Remove everything before space using regular expression in python

Question

Suppose I have a string: 997 668, now I need to remove anything before space ie I need 668 as the output. I need a solution using regular expression. Now I am using the below:

x = '997 668'
x  = x.split(' ')[1]

Above also give the output but fails when there is only one number, if x = 555 then output comes blank which I dont want.

Answer 1

Instead of getting the first of one item or the second of two items, simply get the last item with [-1] :

>>> '996 668'.split()[-1]
'668'
>>> '668'.split()[-1]
'668'

Answer 2

Your own code would work if you were a bit more defensive

try:
   x = '997 668'
   x  = x.split(' ')[1]
except IndexError:
   x = x[0]

Answer 3

If your input has multiple spaces, such as

235 989 877

then your question is somewhat ambiguous because you don't say whether you want to remove everything before the first space or everything before the last space.

TigerhawkT3's answer removes everything before the last space.
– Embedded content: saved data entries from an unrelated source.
(* Let $A$ and $B$ be C$^*$-algebras, where $A$ is unital with unit $1$. Suppose $T:A\to B$ is a linear map such that for all $a,b\in A$, $ab^*=1$ implies $T(a)T(b)^*=T(1)$. Then $T(1)$ is a projection in $B$. Consequently, the same conclusion holds when $T$ is a $^*$-homomorphism at the unit of $A$.
   Context: A map $T:A\to B$ between C$^*$-algebras is a $^*$-homomorphism at $z\in A$ if for all $a,b\in A$ with $ab^*=z$ one has $T(ab^* )=T(a)T(b)^*=T(z)$, and for all $c,d\in A$ with $c^*d=z$ one has $T(c^*d)=T(c)^*T(d)=T(z)$. A projection is an element $p$ with $p=p^*=p^2$. *)

theory Defs
  imports "HOL-Analysis.Analysis"
begin

definition cstar_algebra ::
  "(complex \<Rightarrow> 'a::{banach, real_normed_algebra} \<Rightarrow> 'a) \<Rightarrow> ('a \<Rightarrow> 'a) \<Rightarrow> bool" where
  "cstar_algebra sc st \<longleftrightarrow>
     (\<forall>r x. sc (complex_of_real r) x = scaleR r x) \<and>
     (\<forall>c d x. sc (c * d) x = sc c (sc d x)) \<and>
     (\<forall>c d x. sc (c + d) x = sc c x + sc d x) \<and>
     (\<forall>c x y. sc c (x + y) = sc c x + sc c y) \<and>
     (\<forall>c x y. sc c (x * y) = sc c x * y) \<and>
     (\<forall>c x y. sc c (x * y) = x * sc c y) \<and>
     (\<forall>c x. norm (sc c x) = cmod c * norm x) \<and>
     (\<forall>x y. st (x + y) = st x + st y) \<and>
     (\<forall>c x. st (sc c x) = sc (cnj c) (st x)) \<and>
     (\<forall>x y. st (x * y) = st y * st x) \<and>
     (\<forall>x. st (st x) = x) \<and>
     (\<forall>x. norm (st x * x) = (norm x)\<^sup>2)"

definition complex_linear ::
  "(complex \<Rightarrow> 'a \<Rightarrow> 'a) \<Rightarrow> (complex \<Rightarrow> 'b \<Rightarrow> 'b) \<Rightarrow> ('a::plus \<Rightarrow> 'b::plus) \<Rightarrow> bool" where
  "complex_linear scA scB T \<longleftrightarrow>
     (\<forall>x y. T (x + y) = T x + T y) \<and> (\<forall>c x. T (scA c x) = scB c (T x))"

definition star_hom_at ::
  "('a::times \<Rightarrow> 'a) \<Rightarrow> ('b::times \<Rightarrow> 'b) \<Rightarrow> ('a \<Rightarrow> 'b) \<Rightarrow> 'a \<Rightarrow> bool" where
  "star_hom_at stA stB T z \<longleftrightarrow>
     (\<forall>a b. a * stA b = z \<longrightarrow> T a * stB (T b) = T z) \<and>
     (\<forall>c d. stA c * d = z \<longrightarrow> stB (T c) * T d = T z)"

definition is_projection :: "('b::times \<Rightarrow> 'b) \<Rightarrow> 'b \<Rightarrow> bool" where
  "is_projection st p \<longleftrightarrow> p = st p \<and> p = p * p"

end

theory Submission
  imports Defs
begin

text \<open>Taking \<open>a = b = 1\<close> gives \<open>p p\<^sup>* = p\<close> for \<open>p = T 1\<close>; applying the involution
  shows \<open>p\<^sup>* = p p\<^sup>* = p\<close>, so \<open>p = p p\<close>.\<close>

lemma star_one_eq_one:
  fixes st :: "'a::monoid_mult \<Rightarrow> 'a"
  assumes "\<And>x y. st (x * y) = st y * st x" and "\<And>x. st (st x) = x"
  shows "st 1 = 1"
  by (metis assms mult_1_left mult_1_right)

lemma is_projection_if_mult_star_eq:
  fixes st :: "'b::times \<Rightarrow> 'b"
  assumes "\<And>x y. st (x * y) = st y * st x" and "\<And>x. st (st x) = x"
    and "p * st p = p"
  shows "is_projection st p"
proof -
  have "st p = st (p * st p)" using assms(3) by simp
  also have "\<dots> = p * st p" using assms(1,2) by simp
  finally have "st p = p" using assms(3) by simp
  then show ?thesis using assms(3) unfolding is_projection_def by simp
qed

theorem lemma2p3:
  fixes scA :: "complex \<Rightarrow> 'a::{banach, real_normed_algebra_1} \<Rightarrow> 'a"
    and stA :: "'a \<Rightarrow> 'a"
    and scB :: "complex \<Rightarrow> 'b::{banach, real_normed_algebra} \<Rightarrow> 'b"
    and stB :: "'b \<Rightarrow> 'b"
    and T :: "'a \<Rightarrow> 'b"
  assumes "cstar_algebra scA stA"
    and "cstar_algebra scB stB"
    and "complex_linear scA scB T"
  shows "((\<forall>a b. a * stA b = 1 \<longrightarrow> T a * stB (T b) = T 1) \<longrightarrow> is_projection stB (T 1))
       \<and> (star_hom_at stA stB T 1 \<longrightarrow> is_projection stB (T 1))"
proof -
  have "stA 1 = 1"
    using assms(1) by (intro star_one_eq_one) (auto simp: cstar_algebra_def)
  then have "is_projection stB (T 1)"
    if "\<forall>a b. a * stA b = 1 \<longrightarrow> T a * stB (T b) = T 1"
    using that assms(2)
    by (intro is_projection_if_mult_star_eq) (auto simp: cstar_algebra_def)
  then show ?thesis unfolding star_hom_at_def by blast
qed

end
If you want to remove everything before the first space, you need the second parameter to split and do it this way:

>>> '996 668'.split(' ', 1)[-1]
'668'
>>> '996'.split(' ', 1)[-1]
'996'
>>> '996 351 980 221'.split(' ', 1)[-1]
'351 980 221'

Note that TigerhawkT3's answer (which is great, by the way) gives you the answer under the other interpretation:

>>> '996 351 980 221'.split()[-1]
'221'

Depends on what you want.

Just don't use a regex. :)

Answer 4

Regex solution:

import re
re.findall('\d+', x)[-1]

re.findall always returns a list so you can avoid your IndexError without using an exception catcher.